Le dispositif institutionnel que nous avons expérimenté, peut sous certaines conditions, faciliter le portage, l’étayage et l’investissement du travail psychothérapique. Mais c’est au prix d’une mobilisation des intervenants (éducateurs, psychologues, chef de service…) et de la manière dont chacun s’engage dans sa pratique et en lien avec les autres.

Je rencontre souvent ces jeunes gens par le truchement de leur référent éducatif, qui endosse le rôle d’émissaire privilégié.

Lorsque l’investissement à plusieurs voix se met en place, le psychiste est inéluctablement confronté à l’épreuve de la séduction tempérée.

Il s’agit alors, d’être suffisamment intéressant pour éveiller une forme de curiosité et d’espoir susceptible de limiter la menace d’intrusion.

Demeurer, à l’aide de sa créativité et sa croyance dans la relation transférentielle, constitue un passage obligé pour penser un dispositif de mise en travail des fragments psychiques diffractés.

L’expérience du dispositif graphique a constitué un maillon essentiel pouvant rassembler, lier et susciter un intérêt auprès de ces adolescents acceptant cette «épreuve », en marquant par leur trace cette primo-rencontre.

Reste, à déplier un dispositif de soin en l’adaptant aux potentialités de chacun.

La médiation par un conte, ou une histoire à co-construire, ou le dispositif de type face à face… , sont autant de potentialités susceptibles d’accompagner le travail de symbolisation du sujet, à condition qu’il soit investi, à la périphérie par un ou plusieurs adultes se souciant de lui.

C’est souvent un travail qui engage un principe de non disparition au long court.

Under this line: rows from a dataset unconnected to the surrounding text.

lemmas diff_bounded_by_intros =
  diff_bounded_by_refl diff_bounded_by_add diff_bounded_by_diff diff_bounded_by_minus
  diff_bounded_by_mult diff_bounded_by_scaleR diff_bounded_by_inner diff_bounded_by_vec_nth
  diff_bounded_by_divide_const diff_bounded_by_sin diff_bounded_by_cos diff_bounded_by_vector_4
  diff_bounded_by_vec_lambda

section \<open>A maximum principle for transport inequalities\<close>

definition diamond :: "real \<Rightarrow> real \<Rightarrow> real \<Rightarrow> real \<Rightarrow> (real \<times> real) set" where
  "diamond c \<phi>0 \<rho> L = {p. L * \<bar>fst p - c\<bar> + \<bar>snd p - \<phi>0\<bar> \<le> \<rho>}"

lemma compact_diamond:
  assumes "L > 0"
  shows "compact (diamond c \<phi>0 \<rho> L)"
proof -
  have "diamond c \<phi>0 \<rho> L \<subseteq> {c - \<rho> / L .. c + \<rho> / L} \<times> {\<phi>0 - \<rho> .. \<phi>0 + \<rho>}"
  proof
    fix p assume "p \<in> diamond c \<phi>0 \<rho> L"
    moreover have "0 \<le> L * \<bar>fst p - c\<bar>"
      using assms by simp
    ultimately have "L * \<bar>fst p - c\<bar> \<le> \<rho>" "\<bar>snd p - \<phi>0\<bar> \<le> \<rho>"
      by (auto simp: diamond_def)
    then have "\<bar>fst p - c\<bar> \<le> \<rho> / L" "\<bar>snd p - \<phi>0\<bar> \<le> \<rho>"
      using assms by (simp_all add: pos_le_divide_eq mult.commute)
    then show "p \<in> {c - \<rho> / L .. c + \<rho> / L} \<times> {\<phi>0 - \<rho> .. \<phi>0 + \<rho>}"
      by (cases p) (auto simp: abs_le_iff)
  qed
  moreover have "closed (diamond c \<phi>0 \<rho> L)"
    unfolding diamond_def by (intro closed_Collect_le continuous_intros)
  ultimately show ?thesis
    by (metis compact_Icc compact_Times compact_Int_closed inf.absorb_iff2)
qed

lemma diamond_subset_cball:
  assumes "L \<ge> 1"
  shows "diamond c \<phi>0 \<rho> L \<subseteq> cball (c, \<phi>0) \<rho>"
proof
  fix p assume "p \<in> diamond c \<phi>0 \<rho> L"
  moreover have "\<bar>fst p - c\<bar> \<le> L * \<bar>fst p - c\<bar>"
    using assms by (simp add: mult_le_cancel_right1)
  moreover have "dist (c, \<phi>0) p \<le> \<bar>fst p - c\<bar> + \<bar>snd p - \<phi>0\<bar>"
    using sqrt_sum_squares_le_sum_abs[of "fst p - c" "snd p - \<phi>0"]
    by (cases p) (simp add: dist_Pair_Pair dist_real_def power2_commute)
  ultimately show "p \<in> cball (c, \<phi>0) \<rho>"
    by (auto simp: diamond_def)
qed

lemma ball_subset_diamond:
  assumes "L \<ge> 0"
  shows "ball (c, \<phi>0) (\<rho> / (1 + L)) \<subseteq> diamond c \<phi>0 \<rho> L"
proof
  fix p assume "p \<in> ball (c, \<phi>0) (\<rho> / (1 + L))"
  then have "\<bar>fst p - c\<bar> < \<rho> / (1 + L)" "\<bar>snd p - \<phi>0\<bar> < \<rho> / (1 + L)"
    using dist_fst_le[of "(c, \<phi>0)" p] dist_snd_le[of "(c, \<phi>0)" p]
    by (auto simp: dist_real_def abs_minus_commute)
  then have "L * \<bar>fst p - c\<bar> + \<bar>snd p - \<phi>0\<bar> \<le> L * (\<rho> / (1 + L)) + \<rho> / (1 + L)"
    using assms by (intro add_mono mult_left_mono) auto
  also have "\<dots> = (1 + L) * (\<rho> / (1 + L))"
    by (simp add: algebra_simps add_divide_distrib)
  also have "\<dots> = \<rho>"
    using assms by simp
  finally show "p \<in> diamond c \<phi>0 \<rho> L"
    by (simp add: diamond_def)
qed

lemma diamond_segment:
  assumes "p \<in> diamond c \<phi>0 \<rho> L" "\<bar>b\<bar> \<le> L" "0 \<le> t" "t \<le> \<bar>fst p - c\<bar>"
  defines "v \<equiv> (sgn (fst p - c), sgn (fst p - c) * b)"
  shows "\<bar>fst (p - t *\<^sub>R v) - c\<bar> = \<bar>fst p - c\<bar> - t" and "p - t *\<^sub>R v \<in> diamond c \<phi>0 \<rho> L"
proof -
  have "fst (p - t *\<^sub>R v) - c = sgn (fst p - c) * (\<bar>fst p - c\<bar> - t)"
    unfolding v_def by (simp add: algebra_simps abs_mult_sgn)
  then show *: "\<bar>fst (p - t *\<^sub>R v) - c\<bar> = \<bar>fst p - c\<bar> - t"
    using assms(3,4) by (auto simp: abs_mult abs_sgn_eq)
  have "\<bar>snd (p - t *\<^sub>R v) - \<phi>0\<bar> \<le> \<bar>snd p - \<phi>0\<bar> + t * L"
  proof -
    have "\<bar>t * (sgn (fst p - c) * b)\<bar> \<le> t * L"
      using assms(2,3) by (auto simp: abs_mult abs_sgn_eq intro: mult_left_mono)
    then show ?thesis unfolding v_def by simp
  qed
  then have "L * \<bar>fst (p - t *\<^sub>R v) - c\<bar> + \<bar>snd (p - t *\<^sub>R v) - \<phi>0\<bar>
      \<le> L * (\<bar>fst p - c\<bar> - t) + (\<bar>snd p - \<phi>0\<bar> + t * L)"
    unfolding * by linarith
  also have "\<dots> = L * \<bar>fst p - c\<bar> + \<bar>snd p - \<phi>0\<bar>"
    by (simp add: algebra_simps)
  finally show "p - t *\<^sub>R v \<in> diamond c \<phi>0 \<rho> L"
    using assms(1) by (simp add: diamond_def)
qed

lemma has_real_derivative_weighted_path:
  assumes "(q has_derivative Dq) (at p)"
  shows "((\<lambda>t. exp (- K * (d - t)) * q (p - t *\<^sub>R v)) has_real_derivative
    exp (- K * d) * (K * q p - Dq v)) (at 0)"
proof -
  have "((\<lambda>t. p - t *\<^sub>R v) has_derivative (\<lambda>t. - (t *\<^sub>R v))) (at 0)"
    by (auto intro!: derivative_eq_intros)
  moreover have "(q has_derivative Dq) (at (p - 0 *\<^sub>R v))"
    using assms by simp
  ultimately have "((\<lambda>t. q (p - t *\<^sub>R v)) has_derivative (\<lambda>t. Dq (- (t *\<^sub>R v)))) (at 0)"
    by (rule has_derivative_compose)
  moreover have "(\<lambda>t. Dq (- (t *\<^sub>R v))) = (*) (- Dq v)"
    using linear_cmul[OF has_derivative_linear[OF assms], of "- _" v] by (auto simp: fun_eq_iff)
  ultimately have "((\<lambda>t. q (p - t *\<^sub>R v)) has_real_derivative - Dq v) (at 0)"
    by (simp add: has_field_derivative_def)
  then show ?thesis
    by (auto intro!: derivative_eq_intros simp: algebra_simps)
qed

locale transport_system =
  fixes c \<phi>0 \<rho> L K :: real
    and q :: "'i::finite \<Rightarrow> real \<times> real \<Rightarrow> real"
    and Dq :: "'i \<Rightarrow> real \<times> real \<Rightarrow> real \<times> real \<Rightarrow> real"
    and \<beta> :: "'i \<Rightarrow> real \<times> real \<Rightarrow> real"
  assumes slope_bound_pos: "L > 0"
    and q_deriv: "\<And>i p. p \<in> diamond c \<phi>0 \<rho> L \<Longrightarrow> (q i has_derivative Dq i p) (at p)"
    and slope_bound: "\<And>i p. p \<in> diamond c \<phi>0 \<rho> L \<Longrightarrow> \<bar>\<beta> i p\<bar> \<le> L"
    and transport_bound:
      "\<And>i p. p \<in> diamond c \<phi>0 \<rho> L \<Longrightarrow> \<bar>Dq i p (1, \<beta> i p)\<bar> \<le> K * (\<Sum>j\<in>UNIV. \<bar>q j p\<bar>)"
    and initial_zero: "\<And>i p. p \<in> diamond c \<phi>0 \<rho> L \<Longrightarrow> fst p = c \<Longrightarrow> q i p = 0"
begin

abbreviation D :: "(real \<times> real) set" where
  "D \<equiv> diamond c \<phi>0 \<rho> L"

definition rate :: real where
  "rate = \<bar>K\<bar> * CARD('i) + 1"

definition weighted :: "'i \<Rightarrow> real \<times> real \<Rightarrow> real" where
  "weighted i p = exp (- rate * \<bar>fst p - c\<bar>) * q i p"

definition back_dir :: "'i \<Rightarrow> real \<times> real \<Rightarrow> real \<times> real" where
  "back_dir i p = (sgn (fst p - c), sgn (fst p - c) * \<beta> i p)"

lemma weighted_attains_max:
  assumes "p \<in> D"
  obtains p1 i1 where "p1 \<in> D" "\<And>j x. x \<in> D \<Longrightarrow> \<bar>weighted j x\<bar> \<le> \<bar>weighted i1 p1\<bar>"
proof -
  have "compact D" "D \<noteq> {}"
    using compact_diamond[OF slope_bound_pos] assms by auto
  moreover have "continuous_on D (q j)" for j
    using q_deriv by (meson continuous_at_imp_continuous_on has_derivative_continuous)
  then have "continuous_on D (\<lambda>x. \<bar>weighted j x\<bar>)" for j
    unfolding weighted_def by (intro continuous_intros)
  ultimately show ?thesis
    by (rule finite_family_attains_sup) (rule that)
qed

lemma back_path_weighted:
  assumes "p \<in> D" "0 < t" "t \<le> \<bar>fst p - c\<bar>"
  shows "p - t *\<^sub>R back_dir i p \<in> D"
    and "weighted i (p - t *\<^sub>R back_dir i p) =
      exp (- rate * (\<bar>fst p - c\<bar> - t)) * q i (p - t *\<^sub>R back_dir i p)"
  using diamond_segment[OF assms(1) slope_bound[OF assms(1)], of t] assms(2,3)
  by (simp_all add: weighted_def back_dir_def)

Le travail psychothérapique comporte détour et surprise. Il se rythme au son des difficultés de ces sujets à tolérer peu ou prou, un investissement. Parfois il devient cyclique, ils viennent régulièrement pendant un temps, ou revêt la forme d’une régularité. Mais le plus fréquemment, il emprunte la voie de la discontinuité soutenue et se déroule sur une ou plusieurs années, au gré des absences-présences qui en constituent l’étoffe.

Il est à souligner que lors de cet engagement psychothérapique même ténu, ces sujets ne se mettent plus en danger.

Le travail psychique semble opérer par diffraction. Chaque interlocuteur devient dépositaire d’une part, à tolérer y compris dans le heurt qu’elle fait vivre. Il est important de travailler dans l’après-coup en équipe pour entrevoir du sens et conserver la confiance dans le rôle que ces grands adolescents ont besoin de nous faire jouer, tant nous incarnons tour à tour des fragments de leur théâtre interne.

Pour ma part, j’ai souvent eu besoin, lors de moments de découragement, de me rappeler les préceptes de D. Winnicott.

Mes travaux m’ont aidée également, à comprendre, pour mieux résister.

Je concède l’indéfectible de ma croyance. Même douloureux et à vif, le contre-transfert est vital. Il me paraît capital qu’il puisse rester vivant et créatif afin de soutenir la part vivante du sujet et faire trace.